[Aim of the exercise] Take every line from the data that has the word "else" in it.

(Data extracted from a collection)
────────────────

(* Let $K>0$. There exist $K'>0$ and $\epsilon_0>0$ such that for every $0<\epsilon\le\epsilon_0$ and every corner tensor $P$ with $\|P\|\leq K\epsilon$, the operator $B$ on $V\otimes V$ defined below satisfies: (1) there exist a Hilbert space $V_B$ with orthonormal basis $(f_m)$ and three-index Hilbert–Schmidt tensors $B_u,B_d$ with $\|B_u\|,\|B_d\|\leq K'\epsilon$ such that $B_{(i_1i_2),(k_1k_2)}=\sum_m (B_u)_{i_1k_1m}(B_d)_{i_2k_2m}$ for all $i_1,i_2,k_1,k_2\geq0$; (2) for $C=\exp(B)-B-I$ there exist a Hilbert space $V_C$ with orthonormal basis $(g_m)$ and three-index Hilbert–Schmidt tensors $C_u,C_d$ with $\|C_u\|,\|C_d\|\leq K'\epsilon^2$ such that $C_{(i_1i_2),(k_1k_2)}=\sum_m (C_u)_{i_1k_1m}(C_d)_{i_2k_2m}$; and the same holds for $\tilde C=\exp(-B)+B-I$ with tensors $\tilde C_u,\tilde C_d$ of norm $\leq K'\epsilon^2$.
   Context: $V$ is a real separable infinite-dimensional Hilbert space with orthonormal basis $(e_i)_{i\geq0}$; $V\otimes V$ has orthonormal basis $e_a\otimes e_b$, indexed by pairs, and operator matrix entries are $B_{(i_1i_2),(k_1k_2)}=\langle e_{i_1}\otimes e_{i_2},B(e_{k_1}\otimes e_{k_2})\rangle$. Tensors have finite Hilbert–Schmidt norm (square root of the sum of squared components). A corner tensor is a 4-tensor $P=(P_{ijkl})$ (indices for right, top, left, bottom legs) whose only possibly nonzero components are $P_{ij00},P_{0jk0},P_{00kl},P_{i00l}$ with both displayed indices $\geq1$. Define, for $i,j\geq1$, $l_{ij}=\sum_{c\geq1}P_{0,0,i,c}P_{0,c,j,0}$ and $r_{ij}=\sum_{d\geq1}P_{i,0,0,d}P_{j,d,0,0}$, and set $l_{ij}=r_{ij}=0$ if $i=0$ or $j=0$. Let $|l\rangle=\sum_{ij}l_{ij}\,e_i\otimes e_j$, $\langle r|=\sum_{ij}r_{ij}\langle e_i\otimes e_j|$, and $B=|l\rangle\langle e_0\otimes e_0|-|e_0\otimes e_0\rangle\langle r|$. *)

theory Defs
  imports "HOL-Analysis.Analysis"
begin

text \<open>Vectors of V are indexed by nat (basis e_i); basis of V (x) V indexed by nat \<times> nat.
  Operators on V (x) V are represented by their matrices (nat \<times> nat) \<Rightarrow> (nat \<times> nat) \<Rightarrow> real.\<close>

type_synonym tensor3 = "nat \<Rightarrow> nat \<Rightarrow> nat \<Rightarrow> real"
type_synonym tensor4 = "nat \<Rightarrow> nat \<Rightarrow> nat \<Rightarrow> nat \<Rightarrow> real"
type_synonym opmat = "nat \<times> nat \<Rightarrow> nat \<times> nat \<Rightarrow> real"

definition is_hs3 :: "tensor3 \<Rightarrow> bool" where
  "is_hs3 T \<longleftrightarrow> (\<lambda>(i, k, m). (T i k m)\<^sup>2) summable_on UNIV"

definition hs_norm3 :: "tensor3 \<Rightarrow> real" where
  "hs_norm3 T = sqrt (\<Sum>\<^sub>\<infinity>(i, k, m) \<in> UNIV. (T i k m)\<^sup>2)"

definition is_hs4 :: "tensor4 \<Rightarrow> bool" where
  "is_hs4 P \<longleftrightarrow> (\<lambda>(i, j, k, l). (P i j k l)\<^sup>2) summable_on UNIV"

definition hs_norm4 :: "tensor4 \<Rightarrow> real" where
  "hs_norm4 P = sqrt (\<Sum>\<^sub>\<infinity>(i, j, k, l) \<in> UNIV. (P i j k l)\<^sup>2)"

text \<open>Corner tensor: only P_{ij00}, P_{0jk0}, P_{00kl}, P_{i00l} with both displayed indices \<ge> 1
  may be nonzero (legs: right, top, left, bottom).\<close>
definition corner_tensor :: "tensor4 \<Rightarrow> bool" where
  "corner_tensor P \<longleftrightarrow> is_hs4 P \<and>
     (\<forall>i j k l. P i j k l \<noteq> 0 \<longrightarrow>
        (i \<ge> 1 \<and> j \<ge> 1 \<and> k = 0 \<and> l = 0) \<or>
        (i = 0 \<and> j \<ge> 1 \<and> k \<ge> 1 \<and> l = 0) \<or>
        (i = 0 \<and> j = 0 \<and> k \<ge> 1 \<and> l \<ge> 1) \<or>
        (i \<ge> 1 \<and> j = 0 \<and> k = 0 \<and> l \<ge> 1))"

definition lvec :: "tensor4 \<Rightarrow> nat \<Rightarrow> nat \<Rightarrow> real" where
  "lvec P i j = (if i = 0 \<or> j = 0 then 0
                 else (\<Sum>\<^sub>\<infinity>c \<in> {1..}. P 0 0 i c * P 0 c j 0))"

definition rvec :: "tensor4 \<Rightarrow> nat \<Rightarrow> nat \<Rightarrow> real" where
  "rvec P i j = (if i = 0 \<or> j = 0 then 0
                 else (\<Sum>\<^sub>\<infinity>d \<in> {1..}. P i 0 0 d * P j d 0 0))"

text \<open>B = |l><e0 (x) e0| - |e0 (x) e0><r|, matrix entries B_{(i1 i2),(k1 k2)}.\<close>
definition Bmat :: "tensor4 \<Rightarrow> opmat" where
  "Bmat P = (\<lambda>(i1, i2) (k1, k2).
      lvec P i1 i2 * (if k1 = 0 \<and> k2 = 0 then 1 else 0)
    - (if i1 = 0 \<and> i2 = 0 then 1 else 0) * rvec P k1 k2)"

definition id_mat :: opmat where
  "id_mat = (\<lambda>x z. if x = z then 1 else 0)"

definition mat_mult :: "opmat \<Rightarrow> opmat \<Rightarrow> opmat" where
  "mat_mult A C = (\<lambda>x z. \<Sum>\<^sub>\<infinity>y \<in> UNIV. A x y * C y z)"

fun mat_pow :: "opmat \<Rightarrow> nat \<Rightarrow> opmat" where
  "mat_pow A 0 = id_mat"
| "mat_pow A (Suc n) = mat_mult A (mat_pow A n)"

definition mat_exp :: "opmat \<Rightarrow> opmat" where
  "mat_exp A = (\<lambda>x z. \<Sum>n. mat_pow A n x z / fact n)"

definition factorises :: "opmat \<Rightarrow> tensor3 \<Rightarrow> tensor3 \<Rightarrow> bool" where
  "factorises A U D \<longleftrightarrow>
     (\<forall>i1 i2 k1 k2. ((\<lambda>m. U i1 k1 m * D i2 k2 m) has_sum A (i1, i2) (k1, k2)) UNIV)"

end

theory Submission
  imports Defs
begin

text \<open>
  Write \<open>e00 = e\<^sub>0 \<otimes> e\<^sub>0\<close>, so that \<open>B = |l\<rangle>\<langle>e00| - |e00\<rangle>\<langle>r|\<close>. As \<open>l\<close> and \<open>r\<close> vanish at \<open>(0, 0)\<close>,
  \<open>B\<^sup>2 = - |l\<rangle>\<langle>r| - s |e00\<rangle>\<langle>e00|\<close> with \<open>s = \<langle>r|l\<rangle>\<close>, and \<open>B\<^sup>3 = - s B\<close>. Hence
  \<open>exp B = I + \<Phi>(s) B + \<Psi>(s) B\<^sup>2\<close> with \<open>|\<Phi>(s) - 1| \<le> |s| exp 1\<close> and \<open>|\<Psi>(s)| \<le> exp 1\<close> when \<open>|s| \<le> 1\<close>, so
  both \<open>B\<close> and \<open>exp B - B - I\<close> are linear combinations of outer products \<open>|x\<rangle>\<langle>y|\<close>.

  Each of \<open>l\<close>, \<open>r\<close>, \<open>e00\<close> is a matrix product \<open>x(i, j) = \<Sum>c. p(i, c) q(j, c)\<close> of blocks of \<open>P\<close>
  (or of \<open>e00\<close> itself), and then \<open>|x\<rangle>\<langle>y|\<close> factorises through \<open>U(i, k, (c, d)) = p(i, c) u(k, d)\<close>,
  whose squared Hilbert--Schmidt norm is the product of those of \<open>p\<close> and \<open>u\<close>. Factorisations
  of a sum are obtained by interleaving the third index, and a scalar \<open>c\<close> is split as
  \<open>(sgn c \<surd>|c|) \<cdot> \<surd>|c|\<close>, so squared norms add up with weights \<open>|c|\<close>. Every block has
  norm at most \<open>\<eta> = K\<epsilon>\<close> and \<open>|s| \<le> \<eta>\<^sup>4\<close>, which gives squared norms \<open>O(\<eta>\<^sup>2)\<close> for \<open>B\<close>
  and \<open>O(\<eta>\<^sup>4)\<close> for the remainders.
\<close>

section \<open>Infinite sums of reals\<close>

lemma nonneg_summable_on_comp_inj:
  fixes g :: "'a \<Rightarrow> real"
  assumes g: "g summable_on UNIV" and g_nonneg: "\<And>y. g y \<ge> 0" and h: "inj h"
  shows "(g \<circ> h) summable_on UNIV \<and> infsum (g \<circ> h) UNIV \<le> infsum g UNIV"
proof
  have range: "g summable_on range h"
    using summable_on_subset_banach[OF g] by blast
  then show "(g \<circ> h) summable_on UNIV"
    using summable_on_reindex[of h UNIV g] h by simp
  have "infsum (g \<circ> h) UNIV = infsum g (range h)"
    using infsum_reindex[of h UNIV g] h by simp
  also have "\<dots> \<le> infsum g UNIV"
    by (rule infsum_mono2[OF range g]) (auto simp: g_nonneg)
  finally show "infsum (g \<circ> h) UNIV \<le> infsum g UNIV" .
qed

lemma infsum_Cauchy_Schwarz:
  fixes x y :: "'a \<Rightarrow> real"
  assumes x: "(\<lambda>c. (x c)\<^sup>2) summable_on A" and y: "(\<lambda>c. (y c)\<^sup>2) summable_on A"
  shows "(\<lambda>c. x c * y c) summable_on A"
    and "(\<Sum>\<^sub>\<infinity>c\<in>A. x c * y c)\<^sup>2 \<le> (\<Sum>\<^sub>\<infinity>c\<in>A. (x c)\<^sup>2) * (\<Sum>\<^sub>\<infinity>c\<in>A. (y c)\<^sup>2)"
proof -
  let ?X = "\<Sum>\<^sub>\<infinity>c\<in>A. (x c)\<^sup>2" and ?Y = "\<Sum>\<^sub>\<infinity>c\<in>A. (y c)\<^sup>2"
  have finite_sums: "(\<Sum>c\<in>F. \<bar>x c * y c\<bar>) \<le> sqrt (?X * ?Y)" if F: "finite F" "F \<subseteq> A" for F
  proof -
    have "(\<Sum>c\<in>F. \<bar>x c\<bar> * \<bar>y c\<bar>)\<^sup>2 \<le> (\<Sum>c\<in>F. \<bar>x c\<bar>\<^sup>2) * (\<Sum>c\<in>F. \<bar>y c\<bar>\<^sup>2)"
      by (rule Cauchy_Schwarz_ineq_sum)
    also have "\<dots> \<le> ?X * ?Y"
    proof (intro mult_mono sum_nonneg infsum_nonneg)
      show "(\<Sum>c\<in>F. \<bar>x c\<bar>\<^sup>2) \<le> ?X"
        using infsum_mono2[OF summable_on_finite[OF F(1)] x F(2)] F by simp
      show "(\<Sum>c\<in>F. \<bar>y c\<bar>\<^sup>2) \<le> ?Y"
        using infsum_mono2[OF summable_on_finite[OF F(1)] y F(2)] F by simp
    qed auto
    finally have "(\<Sum>c\<in>F. \<bar>x c\<bar> * \<bar>y c\<bar>) \<le> sqrt (?X * ?Y)"
      by (rule real_le_rsqrt)
    then show ?thesis
      by (simp only: abs_mult)
  qed
  have abs_summable: "(\<lambda>c. \<bar>x c * y c\<bar>) summable_on A"
  proof (rule nonneg_bdd_above_summable_on)
    show "bdd_above (sum (\<lambda>c. \<bar>x c * y c\<bar>) ` {F. F \<subseteq> A \<and> finite F})"
      by (rule bdd_aboveI[where M = "sqrt (?X * ?Y)"]) (auto simp: finite_sums)
  qed simp
  show "(\<lambda>c. x c * y c) summable_on A"
    by (rule abs_summable_summable) (use abs_summable in simp)
  have "\<bar>\<Sum>\<^sub>\<infinity>c\<in>A. x c * y c\<bar> \<le> (\<Sum>\<^sub>\<infinity>c\<in>A. \<bar>x c * y c\<bar>)"
    using norm_infsum_bound[of "\<lambda>c. x c * y c" A] abs_summable by simp
  also have "\<dots> \<le> sqrt (?X * ?Y)"
    by (rule infsum_le_finite_sums[OF abs_summable finite_sums])
  finally have "\<bar>\<Sum>\<^sub>\<infinity>c\<in>A. x c * y c\<bar>\<^sup>2 \<le> (sqrt (?X * ?Y))\<^sup>2"
    by (intro power_mono) auto
  then show "(\<Sum>\<^sub>\<infinity>c\<in>A. x c * y c)\<^sup>2 \<le> ?X * ?Y"
    by (simp add: infsum_nonneg)
qed

lemma has_sum_product:
  fixes f :: "'a \<Rightarrow> real" and g :: "'b \<Rightarrow> real"
  assumes f: "(f has_sum a) UNIV" and g: "(g has_sum b) UNIV"
  shows "((\<lambda>(c, d). f c * g d) has_sum (a * b)) UNIV"
proof -
  let ?fg = "\<lambda>(c, d). f c * g d"
  have abs_f: "(\<lambda>c. \<bar>f c\<bar>) summable_on UNIV" and abs_g: "(\<lambda>d. \<bar>g d\<bar>) summable_on UNIV"
    using summable_on_iff_abs_summable_on_real[THEN iffD1, OF has_sum_imp_summable[OF f]]
      summable_on_iff_abs_summable_on_real[THEN iffD1, OF has_sum_imp_summable[OF g]] by simp_all
  have "Infinite_Sum.abs_summable_on ?fg (Sigma UNIV (\<lambda>_. UNIV))"
    unfolding Infinite_Sum.abs_summable_on_Sigma_iff
  proof (intro conjI ballI)
    show "Infinite_Sum.abs_summable_on (\<lambda>d. ?fg (c, d)) UNIV" for c
      using summable_on_cmult_right[OF abs_g, of "\<bar>f c\<bar>"] by (simp add: abs_mult)
    have "(\<lambda>c. \<bar>f c\<bar> * (\<Sum>\<^sub>\<infinity>d. \<bar>g d\<bar>)) summable_on UNIV"
      using summable_on_cmult_left[OF abs_f] by simp
    then show "Infinite_Sum.abs_summable_on (\<lambda>c. \<Sum>\<^sub>\<infinity>d. norm (?fg (c, d))) UNIV"
      by (simp add: abs_mult infsum_cmult_right' infsum_nonneg)
  qed
  then have summable: "?fg summable_on UNIV"
    using abs_summable_summable by fastforce
  have "infsum ?fg UNIV = (\<Sum>\<^sub>\<infinity>c. \<Sum>\<^sub>\<infinity>d. f c * g d)"
    using infsum_Sigma_banach[of ?fg UNIV "\<lambda>_. UNIV"] summable by simp
  also have "\<dots> = a * b"
    using f g by (simp add: infsum_cmult_right' infsum_cmult_left' infsumI)
  finally show ?thesis
    using summable has_sum_iff by blast
qed

lemma has_sum_row_sums:
  fixes f :: "'a \<times> 'b \<Rightarrow> real"
  assumes f: "(f has_sum S) UNIV"
  shows "(\<lambda>c. f (i, c)) summable_on UNIV" and "((\<lambda>i. \<Sum>\<^sub>\<infinity>c. f (i, c)) has_sum S) UNIV"
proof -
  have Sigma: "(f has_sum S) (Sigma UNIV (\<lambda>_. UNIV))"
    using f by simp
  show rows: "(\<lambda>c. f (i, c)) summable_on UNIV" for i
    using summable_on_SigmaD1[of "\<lambda>x y. f (x, y)" UNIV "\<lambda>_. UNIV" i] Sigma has_sum_imp_summable
    by fastforce
  show "((\<lambda>i. \<Sum>\<^sub>\<infinity>c. f (i, c)) has_sum S) UNIV"
    by (rule has_sum_Sigma'[OF Sigma], rule has_sum_infsum, rule rows)
qed

lemma has_sum_Un_ranges:
  fixes f :: "'a \<Rightarrow> 'b::topological_comm_monoid_add"
  assumes "inj g" "inj h" and partition: "\<And>y. y \<in> range g \<longleftrightarrow> y \<notin> range h"
    and "((f \<circ> g) has_sum a) UNIV" "((f \<circ> h) has_sum b) UNIV"
  shows "(f has_sum (a + b)) UNIV"
proof -
  have "(f has_sum a) (range g)" "(f has_sum b) (range h)"
    using assms has_sum_reindex[of g UNIV f a] has_sum_reindex[of h UNIV f b] by auto
  then have "(f has_sum (a + b)) (range g \<union> range h)"
    using partition by (intro has_sum_Un_disjoint) auto
  also have "range g \<union> range h = UNIV"
    using partition by blast
  finally show ?thesis .
qed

────────────────

[Task result]
                 else (\<Sum>\<^sub>\<infinity>c \<in> {1..}. P 0 0 i c * P 0 c j 0))"
                 else (\<Sum>\<^sub>\<infinity>d \<in> {1..}. P i 0 0 d * P j d 0 0))"
      lvec P i1 i2 * (if k1 = 0 \<and> k2 = 0 then 1 else 0)
    - (if i1 = 0 \<and> i2 = 0 then 1 else 0) * rvec P k1 k2)"
  "id_mat = (\<lambda>x z. if x = z then 1 else 0)"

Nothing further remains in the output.